Methods. The effect of quantum confinement on excitons, including charge transfer excitons, was used to construct a generic basis for the electronic transitions that could, in principle, be coherent with the energies associated with DIBs. In this model the carriers are carbon nanodots (CNDs) modelled as nanodiamonds and a-C(:H) nanoparticles.
Results. These preliminary results seem to show that particle size dependent effects in nanodiamond and a-C(:H) CNDs could be consistent with the positions of, and intervals between, some of the DIBs. One particular strength of the model is that it predicts single bands from the majority of single-size particles, and at most two bands from some of these same carriers. In the latter case, the two bands come from different transitions and may or may not correlate, depending upon the local environment.

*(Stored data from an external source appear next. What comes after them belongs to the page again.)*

lemma sum_moran_trans_reservoir_states_less_one:
  assumes "S \<in> {{Res i j}, {Feeder i, Res i j}}"
  shows "(\<Sum>S'\<in>{{Res i j}, {Feeder i, Res i j}}.
    moran_trans (megastar_V k l m) (megastar_E k l m) r S S') < 1"
proof -
  have "0 < moran_trans (megastar_V k l m) (megastar_E k l m) r {Res i j} {}"
    using moran_trans_reservoir_to_empty total_fitness_pos l_pos m_pos
    by (smt (verit) divide_pos_pos of_nat_0_less_iff mult_pos_pos)
  note to_empty = this
  have T_sub: "{{Res i j}, {Feeder i, Res i j}} \<subseteq> Pow (megastar_V k l m)"
    using Res_in_V Feeder_in_V by auto
  from assms consider "S = {Res i j}" | "S = {Feeder i, Res i j}" by blast
  then show ?thesis
  proof cases
    case 1
    show ?thesis unfolding 1 by (rule sum_moran_trans_less_one[OF T_sub _ to_empty]) auto
  next
    case 2
    show ?thesis unfolding 2
      by (rule sum_moran_trans_less_one[OF T_sub _ moran_trans_feeder_to_lone_feeder_pos])
        (use Feeder_in_V in \<open>auto simp: doubleton_eq_iff\<close>)
  qed
qed

lemma reservoir_state_subharmonic:
  fixes c g :: real
  defines "\<epsilon> \<equiv> 1 / (real l * real m)"
  assumes "0 \<le> c" and "0 \<le> g" and "(r + \<epsilon>) * c \<le> \<epsilon> + r * g"
  shows "c \<le> moran_trans (megastar_V k l m) (megastar_E k l m) r {Res i j} {}
    + moran_trans (megastar_V k l m) (megastar_E k l m) r {Res i j} {Res i j} * c
    + moran_trans (megastar_V k l m) (megastar_E k l m) r {Res i j} {Feeder i, Res i j} * g"
proof -
  let ?W = "total_fitness (megastar_V k l m) r {Res i j}"
  have "c \<le> c + (\<epsilon> + r * g - (r + \<epsilon>) * c) / ?W"
    using assms(4) total_fitness_pos by (simp add: less_imp_le)
  also have "\<dots> = \<epsilon> / ?W + (1 - (r + \<epsilon>) / ?W) * c + r / ?W * g"
    using total_fitness_pos[of "{Res i j}"] by (simp add: field_simps)
  also have "\<dots> \<le> moran_trans (megastar_V k l m) (megastar_E k l m) r {Res i j} {}
    + moran_trans (megastar_V k l m) (megastar_E k l m) r {Res i j} {Res i j} * c
    + moran_trans (megastar_V k l m) (megastar_E k l m) r {Res i j} {Feeder i, Res i j} * g"
    unfolding \<epsilon>_def using assms(2,3)
    by (intro add_mono mult_right_mono moran_trans_reservoir_to_empty moran_trans_reservoir_stay
        moran_trans_reservoir_to_feeder)
  finally show ?thesis .
qed

lemma feeder_state_subharmonic:
  fixes c g :: real
  defines "\<epsilon> \<equiv> 1 / (real l * real m)"
  assumes "0 \<le> c" and "0 \<le> g" and "(real m - 1 + r + \<epsilon>) * g \<le> (real m - 1) * c"
  shows "g \<le> moran_trans (megastar_V k l m) (megastar_E k l m) r {Feeder i, Res i j} {Res i j} * c
    + moran_trans (megastar_V k l m) (megastar_E k l m) r {Feeder i, Res i j} {Feeder i, Res i j} * g"
proof -
  let ?W = "total_fitness (megastar_V k l m) r {Feeder i, Res i j}"
  have "g \<le> g + ((real m - 1) * c - (real m - 1 + r + \<epsilon>) * g) / ?W"
    using assms(4) total_fitness_pos by (simp add: less_imp_le)
  also have "\<dots> = (real m - 1) / ?W * c + (1 - (real m - 1 + r + \<epsilon>) / ?W) * g"
    using total_fitness_pos[of "{Feeder i, Res i j}"] by (simp add: field_simps)
  also have "\<dots> \<le> moran_trans (megastar_V k l m) (megastar_E k l m) r {Feeder i, Res i j} {Res i j} * c
    + moran_trans (megastar_V k l m) (megastar_E k l m) r {Feeder i, Res i j} {Feeder i, Res i j} * g"
    unfolding \<epsilon>_def using assms(2,3)
    by (intro add_mono mult_right_mono moran_trans_feeder_to_reservoir moran_trans_feeder_stay)
  finally show ?thesis .
qed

Conclusions. This generic framework indicates that the size-dependent fundamental transitions in CNDs could provide a viable scenario for the origin of some DIB-type bands. While this work does not identify a single DIB, it furnishes a conceptual view of the DIB origin, and suggests that a more refined exploration of quantum confinement size effects and exciton physics within the astronomical domain might prove fruitful. This work also hints at the requirement for stable configurations for particular size domains in order to explain DIB wavelength stability.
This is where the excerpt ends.